Dear all,
I want to share some experience of upgrading my experimental 1-host
Ceph cluster from v13.2.0 to v13.2.1.
First, I fetched new packages and installed them using 'apt
dist-upgrade', which went smooth as usual.
Then I noticed from 'lsof', that Ceph daemons were not restarted after
the upgrade ('ceph osd versions' still showed 13.2.0).
Using instructions on Luminous->Mimic upgrade, I decided to restart
ceph-{mon,mgr,osd}.targets.
And surely, on restarting ceph-osd.target, iSCSI sessions had been
broken on tcmu-runner side ('Timing out cmd', 'Handler connection
lost'), and Windows (2008 R2) clients lost their iSCSI devices.
But that was only a beginning of surprises that followed.

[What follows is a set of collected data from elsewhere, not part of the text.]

(* Let $\rho_{ABE}=\sum_ap_A(a)|a\rangle\langle a|\otimes\rho^{|a}_{BE}$ be a state with $A$ and $B$ classical, and let $\rho_E=\mathrm{tr}_{AB}[\rho_{ABE}]=\sum_ap_A(a)\rho^{|a}_E$ with $\rho^{|a}_E=\mathrm{tr}_B[\rho^{|a}_{BE}]$. Then for all $a$ with $p_A(a)>0$ and all $\alpha\in[1,\infty]$, $$2^{(\alpha-1)D_\alpha(\rho^{|a}_{BE}\|I_B\otimes\rho_E)}\le p_A(a)^{1-\alpha}.$$
   Context: $\log$ base 2. For $\alpha\in(1,\infty)$, $D_\alpha(\rho\|\sigma)=\frac{1}{\alpha-1}\log\big(\mathrm{tr}[(\sigma^{\frac{1-\alpha}{2\alpha}}\rho\sigma^{\frac{1-\alpha}{2\alpha}})^\alpha]/\mathrm{tr}\rho\big)$ if $\mathrm{supp}\rho\subseteq\mathrm{supp}\sigma$, else $+\infty$; $D_1$ is the Umegaki relative entropy $\mathrm{tr}[\rho(\log\rho-\log\sigma)]$ and $D_\infty(\rho\|\sigma)=\inf\{\lambda:\rho\le2^\lambda\sigma\}$ is the max-divergence. *)

theory Defs
  imports "Jordan_Normal_Form.Schur_Decomposition" "HOL-Library.Extended_Real"
begin

definition mat_trace :: "complex mat \<Rightarrow> complex" where
  "mat_trace A = (\<Sum>i<dim_row A. A $$ (i,i))"

definition hermitian_mat :: "nat \<Rightarrow> complex mat \<Rightarrow> bool" where
  "hermitian_mat n A \<longleftrightarrow> A \<in> carrier_mat n n \<and> mat_adjoint A = A"

definition unitary_mat :: "nat \<Rightarrow> complex mat \<Rightarrow> bool" where
  "unitary_mat n U \<longleftrightarrow> U \<in> carrier_mat n n \<and> mat_adjoint U * U = 1\<^sub>m n"

definition psd_mat :: "nat \<Rightarrow> complex mat \<Rightarrow> bool" where
  "psd_mat n A \<longleftrightarrow> hermitian_mat n A \<and>
     (\<forall>v \<in> carrier_vec n. Re (\<Sum>i<n. cnj (v $ i) * (A *\<^sub>v v) $ i) \<ge> 0)"

definition density_mat :: "nat \<Rightarrow> complex mat \<Rightarrow> bool" where
  "density_mat n A \<longleftrightarrow> psd_mat n A \<and> mat_trace A = 1"

definition loewner_le :: "nat \<Rightarrow> complex mat \<Rightarrow> complex mat \<Rightarrow> bool" where
  "loewner_le n A B \<longleftrightarrow> A \<in> carrier_mat n n \<and> B \<in> carrier_mat n n \<and> psd_mat n (B - A)"

definition real_diag :: "nat \<Rightarrow> (nat \<Rightarrow> real) \<Rightarrow> complex mat" where
  "real_diag n d = mat n n (\<lambda>(i,j). if i = j then complex_of_real (d i) else 0)"

definition mat_fun :: "nat \<Rightarrow> (real \<Rightarrow> real) \<Rightarrow> complex mat \<Rightarrow> complex mat" where
  "mat_fun n f A = (SOME M. \<exists>U d. unitary_mat n U \<and> A = U * real_diag n d * mat_adjoint U
      \<and> M = U * real_diag n (f \<circ> d) * mat_adjoint U)"

definition mat_range :: "nat \<Rightarrow> complex mat \<Rightarrow> complex vec set" where
  "mat_range n A = {A *\<^sub>v v | v. v \<in> carrier_vec n}"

Looking into Windows Disk Management, I noticed that iSCSI disks were
re-detected with size about 0.12 Gb larger, i.e. 2794.52 GB instead of
2794.40 GB, and of course the system lost their GPT labels from its
sight. I quickly checked 'rbd info' on Ceph side and did not notice any
increase in RBD images. They were still exactly 715398 4MB-objects as I
intended initially.
Restarting iSCSI initiator service on Windows did not help. Restarting
the whole Windows did not help. Restarting tcmu-runner on Ceph side did
not help. What resolved the problem, to my great surprise, was
_removing/re-adding MPIO feature and re-adding iSCSI multipath support_.
After that, Windows detected iSCSI disks with proper size again, and
restored visibility of GPT partitions, dynamic disk metadata and all the
rest.
Ok, I avoided data loss at this time, but I have some remaining questions :
1. Can Ceph minor version upgrades be made less disruptive and
traumatic? Like, some king of staged/rolling OSD daemons restart within
single upgraded host, without losing librbd sessions ?

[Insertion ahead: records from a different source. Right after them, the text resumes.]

(* Let $\epsilon\in(0,1]$, let $G$ be a finite group, $\alpha$ an automorphism of $G$, and $S:=\{g\in G:\alpha(g)=g^{-1}\}$. If $s,t\in S$ satisfy $|sS\cap tS|\geq\epsilon|G|$, then $|C_G(st^{-1})|\geq\epsilon|G|$, where $C_G(x)$ denotes the centralizer of $x$ in $G$.
   Context: For $s\in G$ and $S\subseteq G$, $sS=\{sx:x\in S\}$ is the left translate. *)

theory Defs
  imports Complex_Main "HOL-Algebra.Coset"
begin

definition centralizer :: "('a, 'b) monoid_scheme \<Rightarrow> 'a \<Rightarrow> 'a set" where
  "centralizer G x = {g \<in> carrier G. g \<otimes>\<^bsub>G\<^esub> x = x \<otimes>\<^bsub>G\<^esub> g}"

end

theory Submission
  imports Defs
begin

text \<open>If \<open>\<alpha>\<close> inverts \<open>s\<close> and \<open>a\<close>, then for \<open>x = s a\<close> we get
  \<open>\<alpha>(x) = s\<inverse> a\<inverse> = s\<inverse> x\<inverse> s\<close>. So if \<open>x \<in> sS \<inter> tS\<close>, then
  \<open>s\<inverse> x\<inverse> s = t\<inverse> x\<inverse> t\<close>, i.e. \<open>x\<inverse>\<close> commutes with \<open>s t\<inverse>\<close>. Inversion thus embeds
  \<open>sS \<inter> tS\<close> into \<open>C\<^sub>G(s t\<inverse>)\<close>.\<close>

lemma (in group) conj_eq_imp_commutes:
  assumes "s \<in> carrier G" "t \<in> carrier G" "y \<in> carrier G"
    and "inv s \<otimes> y \<otimes> s = inv t \<otimes> y \<otimes> t"
  shows "y \<otimes> (s \<otimes> inv t) = (s \<otimes> inv t) \<otimes> y"
proof -
  have "y \<otimes> (s \<otimes> inv t) = s \<otimes> (inv s \<otimes> y \<otimes> s) \<otimes> inv t"
    using assms(1-3) by (simp add: m_assoc flip: m_assoc[of s "inv s"])
  also have "\<dots> = s \<otimes> (inv t \<otimes> y \<otimes> t) \<otimes> inv t"
    using assms(4) by simp
  also have "\<dots> = (s \<otimes> inv t) \<otimes> y"
    using assms(1-3) by (simp add: m_assoc)
  finally show ?thesis .
qed

lemma (in group) hom_mult_of_inverted:
  assumes "\<alpha> \<in> hom G G" "s \<in> carrier G" "a \<in> carrier G"
    and "\<alpha> s = inv s" "\<alpha> a = inv a"
  shows "\<alpha> (s \<otimes> a) = inv s \<otimes> inv (s \<otimes> a) \<otimes> s"
proof -
  have "\<alpha> (s \<otimes> a) = inv s \<otimes> inv a"
    using assms by (simp add: hom_mult)
  also have "inv a = inv (s \<otimes> a) \<otimes> s"
    using assms(2,3) by (simp add: inv_mult_group m_assoc)
  finally show ?thesis
    using assms(2,3) by (simp add: m_assoc)
qed

lemma (in group) inv_mem_centralizer_of_l_cosets_inter:
  assumes "\<alpha> \<in> hom G G" and S: "S \<subseteq> {g \<in> carrier G. \<alpha> g = inv g}"
    and "s \<in> S" "t \<in> S" "x \<in> (s <# S) \<inter> (t <# S)"
  shows "inv x \<in> centralizer G (s \<otimes> inv t)"
proof -
  obtain a b where a: "a \<in> S" "x = s \<otimes> a" and b: "b \<in> S" "x = t \<otimes> b"
    using assms(5) unfolding l_coset_def by auto
  have s: "s \<in> carrier G" "\<alpha> s = inv s" and t: "t \<in> carrier G" "\<alpha> t = inv t"
    using S assms(3,4) by auto
  have x: "x \<in> carrier G"
    using S a s by auto
  have "inv s \<otimes> inv x \<otimes> s = \<alpha> x"
    using hom_mult_of_inverted[OF assms(1) s(1) _ s(2)] S a by auto
  also have "\<dots> = inv t \<otimes> inv x \<otimes> t"
    using hom_mult_of_inverted[OF assms(1) t(1) _ t(2)] S b by auto
  finally have "inv x \<otimes> (s \<otimes> inv t) = (s \<otimes> inv t) \<otimes> inv x"
    using conj_eq_imp_commutes s(1) t(1) x by simp
  then show ?thesis
    using x by (simp add: centralizer_def)
qed

lemma (in group) card_l_cosets_inter_le_card_centralizer:
  assumes "finite (carrier G)" "\<alpha> \<in> hom G G"
    and S: "S \<subseteq> {g \<in> carrier G. \<alpha> g = inv g}" and "s \<in> S" "t \<in> S"
  shows "card ((s <# S) \<inter> (t <# S)) \<le> card (centralizer G (s \<otimes> inv t))"
proof -
  let ?X = "(s <# S) \<inter> (t <# S)"
  have "?X \<subseteq> carrier G"
    using S assms(4) l_coset_subset_G by blast
  then have "inj_on (\<lambda>x. inv x) ?X"
    by (metis (mono_tags, lifting) inj_onI inv_inv subsetD)
  then have "card ?X = card ((\<lambda>x. inv x) ` ?X)"
    by (simp add: card_image)
  also have "\<dots> \<le> card (centralizer G (s \<otimes> inv t))"
    using inv_mem_centralizer_of_l_cosets_inter[OF assms(2) S assms(4,5)] assms(1)
    by (intro card_mono) (auto simp: centralizer_def intro: finite_subset)
  finally show ?thesis .
qed

theorem lemma5:
  fixes G (structure) and \<alpha> :: "'a \<Rightarrow> 'a" and \<epsilon> :: real and S :: "'a set" and s t :: 'a
  assumes "group G" and "finite (carrier G)"
    and "\<alpha> \<in> iso G G"
    and "0 < \<epsilon>" and "\<epsilon> \<le> 1"
    and "S = {g \<in> carrier G. \<alpha> g = inv g}"
    and "s \<in> S" and "t \<in> S"
    and "real (card ((s <# S) \<inter> (t <# S))) \<ge> \<epsilon> * real (card (carrier G))"
  shows "real (card (centralizer G (s \<otimes> inv t))) \<ge> \<epsilon> * real (card (carrier G))"
proof -
  have "card ((s <# S) \<inter> (t <# S)) \<le> card (centralizer G (s \<otimes> inv t))"
    using group.card_l_cosets_inter_le_card_centralizer[OF assms(1,2)] assms(3,6-8)
    by (auto simp: iso_def)
  with assms(9) show ?thesis
    by linarith
qed

end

2. Is Windows (2008 R2) MPIO support really that screwed & crippled ?
Were there any improvements in Win2012/2016 ? I have physical servers
with Windows 2008 R2, and I would like to mirror their volumes to Ceph
iSCSI targets, then convert them into QEMU/KVM virtual machines where
the same data will be accessed with librbd. During my initial
experiments, I found that reinstalling MPIO & re-enabling iSCSI
multipath would fix most problems in Windows iSCSI access, but I would
like to have a faster way of resetting iSCSI+MPIO state when something
is going wrong on Windows side like in my case.
3. Anybody has an idea of where these 0.12 GB (probably 120 or 128 MB)
were taken from ?
Thank you in advance for your responses.